▶ Source records:
_ _ _ _ _ _ _

(* Let $\mathcal B$ be a unital $*$-algebra, $\phi:\mathcal B\to\mathbb C$ a positive faithful star-linear functional and $\gamma:\mathcal B\to\mathcal B$ a star-linear map such that $\gamma+\phi$ is completely positive. If for some $t<1$ the map $\gamma+t\phi$ is still completely positive, then the sesquilinear form $\langle\cdot,\cdot\rangle_{\gamma,\phi}$ on the algebraic Fock space $\mathcal F_{alg}(\mathcal B)$ is non-degenerate, i.e. $\langle\xi,\xi\rangle_{\gamma,\phi}=0$ implies $\xi=0$.
   Context: For a star-linear $\psi:\mathcal B\to\mathbb C$ and scalar $s$, $(\gamma+s\psi)[b]:=\gamma[b]+s\psi[b]1_{\mathcal B}$. A map $T:\mathcal B\to\mathcal B$ is completely positive if for every $n$ the entrywise map $M_n(\mathcal B)\to M_n(\mathcal B)$ sends positive elements (finite sums $\sum u_i^*u_i$) to positive elements. $\phi$ is faithful if $\phi[u^*u]=0$ only for $u=0$. The algebraic Fock space is $\mathcal F_{alg}(\mathcal B)=\mathbb C\Omega\oplus\bigoplus_{n\ge1}\mathcal B^{\otimes n}$ (algebraic tensor powers), with the sesquilinear form determined by $\langle\Omega,\Omega\rangle_{\gamma,\phi}=1$, $\Omega$ orthogonal to all tensors, and $\langle u_1\otimes\cdots\otimes u_n, v_1\otimes\cdots\otimes v_k\rangle_{\gamma,\phi}=\delta_{n=k}\,\phi\big[v_n^*(\gamma+\phi)[v_{n-1}^*(\gamma+\phi)[\cdots(\gamma+\phi)[v_1^*u_1]\cdots]u_{n-1}]u_n\big]$, extended linearly in the first and antilinearly in the second argument. *)

theory Defs
  imports Complex_Main
begin

class unital_star_algebra = ring_1 +
  fixes scaleC :: "complex \<Rightarrow> 'a \<Rightarrow> 'a"
    and star :: "'a \<Rightarrow> 'a"
  assumes scaleC_add_right: "scaleC c (x + y) = scaleC c x + scaleC c y"
    and scaleC_add_left: "scaleC (c + d) x = scaleC c x + scaleC d x"
    and scaleC_scaleC: "scaleC c (scaleC d x) = scaleC (c * d) x"
    and scaleC_one: "scaleC 1 x = x"
    and scaleC_mult_left: "scaleC c x * y = scaleC c (x * y)"
    and scaleC_mult_right: "x * scaleC c y = scaleC c (x * y)"
    and star_add: "star (x + y) = star x + star y"
    and star_scaleC: "star (scaleC c x) = scaleC (cnj c) (star x)"
    and star_mult: "star (x * y) = star y * star x"
    and star_star: "star (star x) = x"

definition star_linear_functional :: "('b::unital_star_algebra \<Rightarrow> complex) \<Rightarrow> bool" where
  "star_linear_functional \<psi> \<longleftrightarrow>
     (\<forall>x y. \<psi> (x + y) = \<psi> x + \<psi> y) \<and>
     (\<forall>c x. \<psi> (scaleC c x) = c * \<psi> x) \<and>
     (\<forall>x. \<psi> (star x) = cnj (\<psi> x))"

definition star_linear_map :: "('b::unital_star_algebra \<Rightarrow> 'b) \<Rightarrow> bool" where
  "star_linear_map T \<longleftrightarrow>
     (\<forall>x y. T (x + y) = T x + T y) \<and>
     (\<forall>c x. T (scaleC c x) = scaleC c (T x)) \<and>
     (\<forall>x. T (star x) = star (T x))"

definition positive_elem :: "'b::unital_star_algebra \<Rightarrow> bool" where
  "positive_elem b \<longleftrightarrow> (\<exists>us. b = sum_list (map (\<lambda>u. star u * u) us))"

definition positive_functional :: "('b::unital_star_algebra \<Rightarrow> complex) \<Rightarrow> bool" where
  "positive_functional \<psi> \<longleftrightarrow>
     (\<forall>b. positive_elem b \<longrightarrow> Im (\<psi> b) = 0 \<and> Re (\<psi> b) \<ge> 0)"

definition faithful :: "('b::unital_star_algebra \<Rightarrow> complex) \<Rightarrow> bool" where
  "faithful \<psi> \<longleftrightarrow> (\<forall>u. \<psi> (star u * u) = 0 \<longrightarrow> u = 0)"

_ _ _ _ _ _ _

Could you write out, exactly as they stand, only the lines above that begin at the line with "c (scaleC d" and stop after the line with "(\<forall>x y. T"?

    and scaleC_scaleC: "scaleC c (scaleC d x) = scaleC (c * d) x"
    and scaleC_one: "scaleC 1 x = x"
    and scaleC_mult_left: "scaleC c x * y = scaleC c (x * y)"
    and scaleC_mult_right: "x * scaleC c y = scaleC c (x * y)"
    and star_add: "star (x + y) = star x + star y"
    and star_scaleC: "star (scaleC c x) = scaleC (cnj c) (star x)"
    and star_mult: "star (x * y) = star y * star x"
    and star_star: "star (star x) = x"

definition star_linear_functional :: "('b::unital_star_algebra \<Rightarrow> complex) \<Rightarrow> bool" where
  "star_linear_functional \<psi> \<longleftrightarrow>
     (\<forall>x y. \<psi> (x + y) = \<psi> x + \<psi> y) \<and>
     (\<forall>c x. \<psi> (scaleC c x) = c * \<psi> x) \<and>
     (\<forall>x. \<psi> (star x) = cnj (\<psi> x))"

definition star_linear_map :: "('b::unital_star_algebra \<Rightarrow> 'b) \<Rightarrow> bool" where
  "star_linear_map T \<longleftrightarrow>
     (\<forall>x y. T (x + y) = T x + T y) \<and>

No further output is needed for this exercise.